Sunday, October 29, 2006

Hyper compiler 0.3.30 released

I've just released a new version of the compiler for Hyper. You can download it from here.

A short list of changes in this release:
  • highlighter now uses the same style as the Hyper website
  • copy constructors are now checked and auto-generated if needed
  • 'inout' is now used for parameters that used 'var'
  • the 'this' keyword is now supported in expressions
  • access specifiers in a namespace are no longer supported
And next to these changes, the compiler has been restructured internally a bit as well.

Friday, October 27, 2006

begin specification

Something that is not documented yet on the website is the begin directive. It appears on top of the source file, to indicate the entry point for that file if it is compiled as an executable. You specify the class that should be 'started', the class that contains the static procedure called `main'. This procedure will be called when the executable is run.

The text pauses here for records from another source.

lemma cond_moment_cross:
  assumes "V > 0" "A0 > 0" "n \<ge> 1" "\<bar>\<sigma>\<bar> = 1" "Delta Y n \<le> real n * M"
    and "real n * (\<mu>' - Ybar Y n)\<^sup>2 \<le> K\<^sup>2"
  shows "(\<integral>\<^sup>+\<theta>. ennreal (\<Prod>i<n. normal_density (cond_mean V Y n A0 i \<mu>') (cond_sd V A0) (\<theta> i))
            * ennreal (exp (\<sigma> * cross_stat V Y n A0 (\<mu>', \<theta>) / sqrt n)) \<partial>theta_space n)
         \<le> ennreal (exp (V * (M + K\<^sup>2) / 2))"
proof -
  let ?m = "\<lambda>i. cond_mean V Y n A0 i \<mu>'" and ?s = "cond_sd V A0"
  let ?c = "\<lambda>i. \<sigma> * (Y n i - \<mu>') / sqrt n"
  have s: "?s > 0" "?s\<^sup>2 \<le> V" using assms by (simp_all add: cond_sd_pos cond_sd_sq_le)
  have "\<sigma>\<^sup>2 = 1" using assms(4) by (metis power2_abs power_one)
  then have "(\<Sum>i<n. (?c i)\<^sup>2) = (\<Sum>i<n. (Y n i - \<mu>')\<^sup>2) / n"
    using assms(3) by (simp add: power_mult_distrib power_divide sum_divide_distrib)
  also have "\<dots> \<le> M + K\<^sup>2"
    using sum_sq_dev_le[OF assms(3,5,6)] assms(3) by (simp add: divide_le_eq mult.commute)
  finally have "?s\<^sup>2 * (\<Sum>i<n. (?c i)\<^sup>2) \<le> V * (M + K\<^sup>2)"
    using mult_mono[OF s(2)] assms(1) by (simp add: sum_nonneg)
  have "(\<integral>\<^sup>+\<theta>. ennreal (\<Prod>i<n. normal_density (?m i) ?s (\<theta> i))
            * ennreal (exp (\<sigma> * cross_stat V Y n A0 (\<mu>', \<theta>) / sqrt n)) \<partial>theta_space n)
      = (\<integral>\<^sup>+\<theta>. ennreal ((\<Prod>i<n. normal_density (?m i) ?s (\<theta> i)) * exp (\<Sum>i<n. ?c i * (\<theta> i - ?m i)))
            \<partial>theta_space n)"
    unfolding cross_stat_def
    by (intro nn_integral_cong) (simp add: ennreal_mult prod_nonneg sum_distrib_left sum_divide_distrib mult_ac)
  also have "\<dots> = ennreal (exp (?s\<^sup>2 * (\<Sum>i<n. (?c i)\<^sup>2) / 2))"
    by (rule nn_integral_prod_normal_density_exp_linear[OF s(1)])
  also have "\<dots> \<le> ennreal (exp (V * (M + K\<^sup>2) / 2))"
    using \<open>?s\<^sup>2 * (\<Sum>i<n. (?c i)\<^sup>2) \<le> V * (M + K\<^sup>2)\<close> by (intro ennreal_leI) simp
  finally show ?thesis .
qed

lemma centre_moment_cross:
  assumes "V > 0" "A0 > 0" "n \<ge> 1" "\<bar>\<sigma>\<bar> = 1" "Delta Y n \<le> real n * M"
  shows "(\<integral>\<^sup>+z. ennreal (mu_theta_density V Y n (centre_state Y n A0) z)
            * ennreal (exp (\<sigma> * (if real n * (fst z - Ybar Y n)\<^sup>2 \<le> K\<^sup>2
                                  then cross_stat V Y n A0 z / sqrt n else 0)))
            \<partial>(lborel \<Otimes>\<^sub>M theta_space n))
       \<le> ennreal (exp (V * (M + K\<^sup>2) / 2))"
proof (rule nn_integral_mu_theta_density_le)
  fix \<mu>'
  have "0 \<le> Delta Y n"
    unfolding Delta_def by (simp add: sum_nonneg)
  with assms(3,5) have "0 \<le> M"
    using mult_pos_neg[of "real n" M] by fastforce
  then show "(\<integral>\<^sup>+\<theta>. ennreal (\<Prod>i<n. normal_density (cond_mean V Y n A0 i \<mu>') (cond_sd V A0) (\<theta> i))
          * ennreal (exp (\<sigma> * (if real n * (fst (\<mu>', \<theta>) - Ybar Y n)\<^sup>2 \<le> K\<^sup>2
                                 then cross_stat V Y n A0 (\<mu>', \<theta>) / sqrt n else 0))) \<partial>theta_space n)
        \<le> ennreal (exp (V * (M + K\<^sup>2) / 2))"
    using assms cond_moment_cross[OF assms, of \<mu>' K]
    by (cases "real n * (\<mu>' - Ybar Y n)\<^sup>2 \<le> K\<^sup>2") (simp_all add: nn_integral_prod_normal_density cond_sd_pos)
qed (use assms in auto)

It's use was mandatory, but I am now making it optional in one case: when the file contains only one class. Because in that case the user's intention is obvious. This simplifies the Hello World example:
namespace Example
class Hello
static procedure main()
system.out.printLn("Hello, World!")
end
end
end
This Hello World program will change even more later. Namespaces will be removed and some module system, or a system like Java's packages will be adopted. And the function (or 'procedure') to output text to the console will probably be renamed.

Wednesday, October 18, 2006

Concatenation & pass by reference

I am wondering how I will allow strings to be concatenated. The string type currently uses the + operator for this. But I am thinking whether or not to introduce an operator especially for this purpose. I suggest the ~ (tilde) as an operator (as it's not used yet and D also uses it for concatenation). An accompanying ~= operator can be introduced for concatenating to the back of an existing string.
var s : string = "How" ~ " are " ~ "you"
# s = "How are you"
s ~= " today?"
# s = "How are you today?"
This would make an interesting syntax possible for output, like C++ has the << operator. You could have an output stream that has the operators ~ and ~=. This can make the following possible:
procedure writePoint(inout s : FileOutputStream, x & y & z : real)
s ~= s ~ '(' ~ x ~ ", " ~ y ~ ", " ~ z ~ ')'
end
It's not ideal because s is still used twice. But maybe it's a start :-)

I am also thinking about pass by value or by reference for 'in' parameters. As I wrote previously, 'in' parameters cannot be changed at all by the callee. So in my opinion it would be a nice idea to use pass by reference for this. It would make 'in' parameters fit in more, because 'inout' parameters are also passed by reference and 'out' parameters use a reference to write the result directly to the location of the caller.

Sunday, October 08, 2006

Compiler goes public!

Yesterday I put the compiler sources on my website. The compiler is finally available to everyone who wants to take a look. You can download the sources from here. The released version is 0.3.29, a release that already dates from mid-september, but was only available to some limited test audience. I got almost no feedback, so I figured I could make it already available on my website to have a larger potential of testers.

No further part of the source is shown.